В одном из походов Хаэль увидел молодую девушку, открывшую лицо и ненароком попавшуюся ему на пути. В их племени, — девушки чужакам лица не открывали. Если только не хотели познакомиться поближе.
Кровь будоражил восторг победы, сдобренный фляжкой вина. Пить в бою запрещалось. Но то ведь в бою. А он праздновал победу. Все равно ведь соберутся вечером всем племенем и будут славить Неназываемого, восхваляя его воинов. Он просто немного предвосхитил.
И Хаэль решил, что по законам войны, то, что хочешь взять, — можно взять. Хотя грабить и насиловать в походе категорически запрещалось. Но ведь это не насилие, — если по согласию?
Он даже спросил, заглядывая в темные омуты глаз, — Ты согласна, милая?
Девушка была тонкой, смуглой, чернобровой, и ее слабые попытки вырваться Хаэль расценил скорее, как кокетство, чем как серьезное сопротивление.
Бросив её на сено, борясь и распаляясь еще больше, воин навалился на девушку, прижав к земле всем телом и покрывая поцелуями шею.
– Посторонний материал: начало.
lemma mean_equation_twice_differentiable_f:
  fixes f \<phi> :: "real \<Rightarrow> real"
  assumes "mean_equation I t f \<phi>" "inj_on \<phi> I" "open I" "convex I" "0 < t" "t < 1"
    and \<phi>: "twice_differentiable_on \<phi> I"
  shows "twice_differentiable_on f I"
  unfolding twice_differentiable_on_def
proof
  fix y0 assume "y0 \<in> I"
  obtain x0 where x0: "x0 \<in> I" "y0 \<in> I - {x0}"
    and W: "\<And>y. y \<in> I - {x0} \<Longrightarrow> (1 - t) * y + t * x0 \<in> I \<and> \<phi> y \<noteq> \<phi> ((1 - t) * y + t * x0)
                           \<and> f y = weight_from_phi t (f x0) \<phi> x0 y"
    using mean_equation_local_weight_from_phi[OF assms(1-6) \<open>y0 \<in> I\<close>] by blast
  have S: "open (I - {x0})" using assms(3) by (simp add: open_Diff)
  have "twice_differentiable_on (\<lambda>y. \<phi> ((1 - t) * y + t * x0)) (I - {x0})"
    using W by (intro twice_differentiable_on_compose_affine[OF S \<phi>]) blast
  moreover have "twice_differentiable_on \<phi> (I - {x0})" using twice_differentiable_on_subset[OF \<phi>] by blast
  ultimately have "twice_differentiable_on (weight_from_phi t (f x0) \<phi> x0) (I - {x0})"
    unfolding weight_from_phi_def[abs_def] using W assms(6)
    by (intro twice_differentiable_on_divide twice_differentiable_on_mult twice_differentiable_on_diff
        S twice_differentiable_on_const) auto
  moreover have "\<forall>y\<in>I - {x0}. weight_from_phi t (f x0) \<phi> x0 y = f y" using W by simp
  ultimately have "twice_differentiable_on f (I - {x0})"
    using twice_differentiable_on_cong[OF S] by blast
  then show "f differentiable (at y0) \<and> deriv f differentiable (at y0)"
    using x0(2) unfolding twice_differentiable_on_def by blast
qed

lemma mean_equation_weight_nonzero:
  assumes "mean_equation I t f \<phi>" "inj_on \<phi> I" "\<forall>x\<in>I. f x \<noteq> 0" "0 < t" "x \<in> I" "y \<in> I"
  shows "t * f x + (1 - t) * f y \<noteq> 0"
proof
  assume zero: "t * f x + (1 - t) * f y = 0"
  then have fy: "(1 - t) * f y = - (t * f x)" by simp
  have "t * f x * (\<phi> x - \<phi> y) = t * f x * \<phi> x + (- (t * f x)) * \<phi> y"
    by (simp add: algebra_simps)
  also have "\<dots> = t * f x * \<phi> x + (1 - t) * f y * \<phi> y" by (simp only: fy)
  also have "\<dots> = 0"
    using assms(1,5,6) zero unfolding mean_equation_def by (metis mult_zero_left)
  finally have "t * f x * (\<phi> x - \<phi> y) = 0" .
  then have "x = y" using assms inj_onD[OF assms(2)] by simp
  then show False using zero assms(3,5) by (simp add: algebra_simps)
qed

lemma mean_equation_twice_differentiable:
  fixes f \<phi> :: "real \<Rightarrow> real"
  assumes "mean_equation I t f \<phi>" "inj_on \<phi> I" "open I" "convex I" "0 < t" "t < 1"
    and "\<forall>x\<in>I. f x \<noteq> 0" "continuous_on I \<phi>"
  shows "twice_differentiable_on f I" "twice_differentiable_on \<phi> I"
proof -
  define g where "g x = f x * \<phi> x" for x
  have "continuous_on I f" using mean_equation_continuous_on_f[OF assms(1-6,8)] .
  then have "continuous_on I g" unfolding g_def using assms(8) by (intro continuous_intros)
  moreover have "\<forall>x\<in>I. \<forall>y\<in>I. \<phi> (t * x + (1 - t) * y) * (t * f x + (1 - t) * f y) = t * g x + (1 - t) * g y"
    using assms(1) unfolding mean_equation_def g_def by (simp add: algebra_simps)
  moreover have "\<forall>x\<in>I. \<forall>y\<in>I. t * f x + (1 - t) * f y \<noteq> 0"
    using mean_equation_weight_nonzero[OF assms(1,2,7,5)] by blast
  ultimately have \<phi>_diff: "\<forall>x\<in>I. \<phi> differentiable (at x)"
    "\<forall>x\<in>I. f differentiable (at x) \<and> g differentiable (at x) \<Longrightarrow> \<forall>x\<in>I. deriv \<phi> differentiable (at x)"
    using weighted_equation_differentiable[OF assms(3,5,6) \<open>continuous_on I f\<close>] by blast+
  have "\<forall>x\<in>I. f differentiable (at x)" using mean_equation_differentiable_f[OF assms(1-6) \<phi>_diff(1)] .
  moreover have "\<forall>x\<in>I. g differentiable (at x)"
    unfolding g_def[abs_def] using calculation \<phi>_diff(1) by auto
  ultimately show "twice_differentiable_on \<phi> I"
    unfolding twice_differentiable_on_def using \<phi>_diff by blast
  then show "twice_differentiable_on f I" by (rule mean_equation_twice_differentiable_f[OF assms(1-6)])
qed

lemma has_real_derivative_zero_on_open:
  fixes F :: "real \<Rightarrow> real"
  assumes "open U" "h \<in> U" "\<forall>z\<in>U. F z = 0" "(F has_real_derivative D) (at h)"
  shows "D = 0"
proof -
  have "eventually (\<lambda>z. F z = 0) (nhds h)" by (rule eventually_eq_on_open[OF assms(1-3)])
  then have "(F has_real_derivative D) (at h) \<longleftrightarrow> ((\<lambda>z. 0) has_real_derivative D) (at h)"
    by (rule DERIV_cong_ev[OF refl _ refl])
  then have "((\<lambda>z. 0) has_real_derivative D) (at h)" using assms(4) by (rule iffD1)
  then show ?thesis using DERIV_const DERIV_unique by blast
qed

lemma weighted_mean_zero_second_derivative:
  fixes u u1 u2 :: "real \<Rightarrow> real"
  assumes "open I" "0 < t" "t < 1"
    and u1: "\<And>z. z \<in> I \<Longrightarrow> (u has_real_derivative u1 z) (at z)"
    and u2: "\<And>z. z \<in> I \<Longrightarrow> (u1 has_real_derivative u2 z) (at z)"
    and zero: "\<And>x y. x \<in> I \<Longrightarrow> y \<in> I \<Longrightarrow> t * x + (1 - t) * y = m \<Longrightarrow> t * u x + (1 - t) * u y = 0"
    and "x \<in> I" "y \<in> I" "t * x + (1 - t) * y = m"
  shows "(1 - t) * u2 x + t * u2 y = 0"
proof -
  define U where "U = {h. m - (1 - t) * h \<in> I \<and> m + t * h \<in> I}"
  have "U = (\<lambda>h. m - (1 - t) * h) -` I \<inter> (\<lambda>h. m + t * h) -` I" unfolding U_def by auto
  then have "open U" by (auto intro!: continuous_open_vimage assms(1) continuous_intros)
  have mean: "t * (m - (1 - t) * h) + (1 - t) * (m + t * h) = m" for h by (simp add: algebra_simps)
  have chain: "((\<lambda>h. v (m - (1 - t) * h)) has_real_derivative v' (m - (1 - t) * h) * (- (1 - t))) (at h)"
      "((\<lambda>h. v (m + t * h)) has_real_derivative v' (m + t * h) * t) (at h)"
    if "h \<in> U" "\<And>z. z \<in> I \<Longrightarrow> (v has_real_derivative v' z) (at z)" for v v' h
  proof -
    have "m - (1 - t) * h \<in> I" "m + t * h \<in> I" using that(1) unfolding U_def by auto
    then have "(v has_real_derivative v' (m - (1 - t) * h)) (at (m - (1 - t) * h))"
      "(v has_real_derivative v' (m + t * h)) (at (m + t * h))" using that(2) by blast+
    then show "((\<lambda>h. v (m - (1 - t) * h)) has_real_derivative v' (m - (1 - t) * h) * (- (1 - t))) (at h)"
      "((\<lambda>h. v (m + t * h)) has_real_derivative v' (m + t * h) * t) (at h)"
      by (auto intro!: DERIV_chain2[where g = "\<lambda>h. m - (1 - t) * h"] DERIV_chain2[where g = "\<lambda>h. m + t * h"]
          derivative_eq_intros)
  qed
  define \<Phi>1 where "\<Phi>1 h = t * (u1 (m - (1 - t) * h) * (- (1 - t))) + (1 - t) * (u1 (m + t * h) * t)" for h
  have d\<Phi>: "((\<lambda>h. t * u (m - (1 - t) * h) + (1 - t) * u (m + t * h)) has_real_derivative \<Phi>1 h) (at h)"
    if "h \<in> U" for h
    unfolding \<Phi>1_def by (intro DERIV_add DERIV_cmult chain[OF that u1])
  have d\<Phi>1: "(\<Phi>1 has_real_derivative
      t * (u2 (m - (1 - t) * h) * (- (1 - t)) * (- (1 - t))) + (1 - t) * (u2 (m + t * h) * t * t)) (at h)"
    if "h \<in> U" for h
    unfolding \<Phi>1_def[abs_def] by (intro DERIV_add DERIV_cmult DERIV_cmult_right chain[OF that u2])
  have "\<forall>h\<in>U. t * u (m - (1 - t) * h) + (1 - t) * u (m + t * h) = 0"
    unfolding U_def using zero[OF _ _ mean] by blast
  then have "\<forall>h\<in>U. \<Phi>1 h = 0"
    using has_real_derivative_zero_on_open[OF \<open>open U\<close> _ _ d\<Phi>] by blast
  moreover have "m - (1 - t) * (y - x) = x" by (simp add: assms(9)[symmetric] algebra_simps)
  moreover have "m + t * (y - x) = y" by (simp add: assms(9)[symmetric] algebra_simps)
  moreover have hU: "y - x \<in> U" unfolding U_def using calculation(2,3) assms(7,8) by simp
  ultimately have "t * (u2 x * (- (1 - t)) * (- (1 - t))) + (1 - t) * (u2 y * t * t) = 0"
    using has_real_derivative_zero_on_open[OF \<open>open U\<close> hU _ d\<Phi>1[OF hU]] by simp
  then have "t * (1 - t) * ((1 - t) * u2 x + t * u2 y) = 0" by (simp add: algebra_simps)
  then show ?thesis using assms(2,3) by simp
qed

lemma mean_equation_cross_zero:
  assumes "mean_equation I t f \<phi>" "x \<in> I" "y \<in> I" "t * x + (1 - t) * y = m"
  shows "t * (f m * (f x * \<phi> x) - f m * \<phi> m * f x) + (1 - t) * (f m * (f y * \<phi> y) - f m * \<phi> m * f y) = 0"
proof -
  have eq: "(t * f x + (1 - t) * f y) * \<phi> m = t * f x * \<phi> x + (1 - t) * f y * \<phi> y"
    using assms unfolding mean_equation_def by blast
  have "t * (f m * (f x * \<phi> x) - f m * \<phi> m * f x) + (1 - t) * (f m * (f y * \<phi> y) - f m * \<phi> m * f y)
      = f m * ((t * f x * \<phi> x + (1 - t) * f y * \<phi> y) - (t * f x + (1 - t) * f y) * \<phi> m)"
    by (simp add: algebra_simps)
  also have "\<dots> = 0" using eq by simp
  finally show ?thesis .
qed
А потом задрав подол, проник рукой в промежность, ощутив такой сводящий с ума жар, что просто развел ей ноги, фиксируя, и поплевав на ладонь, проник в неё пальцем.
— Тебе понравится, вот увидишь, — убеждал он скорее себя, чем её, и растерев слюну по стоящему колом члену, направляя его в промежность, резко проник внутрь, теряя остатки самоконтроля, от этой невозможной узости, задыхаясь от чего-то щемящего, неизведанного ранее.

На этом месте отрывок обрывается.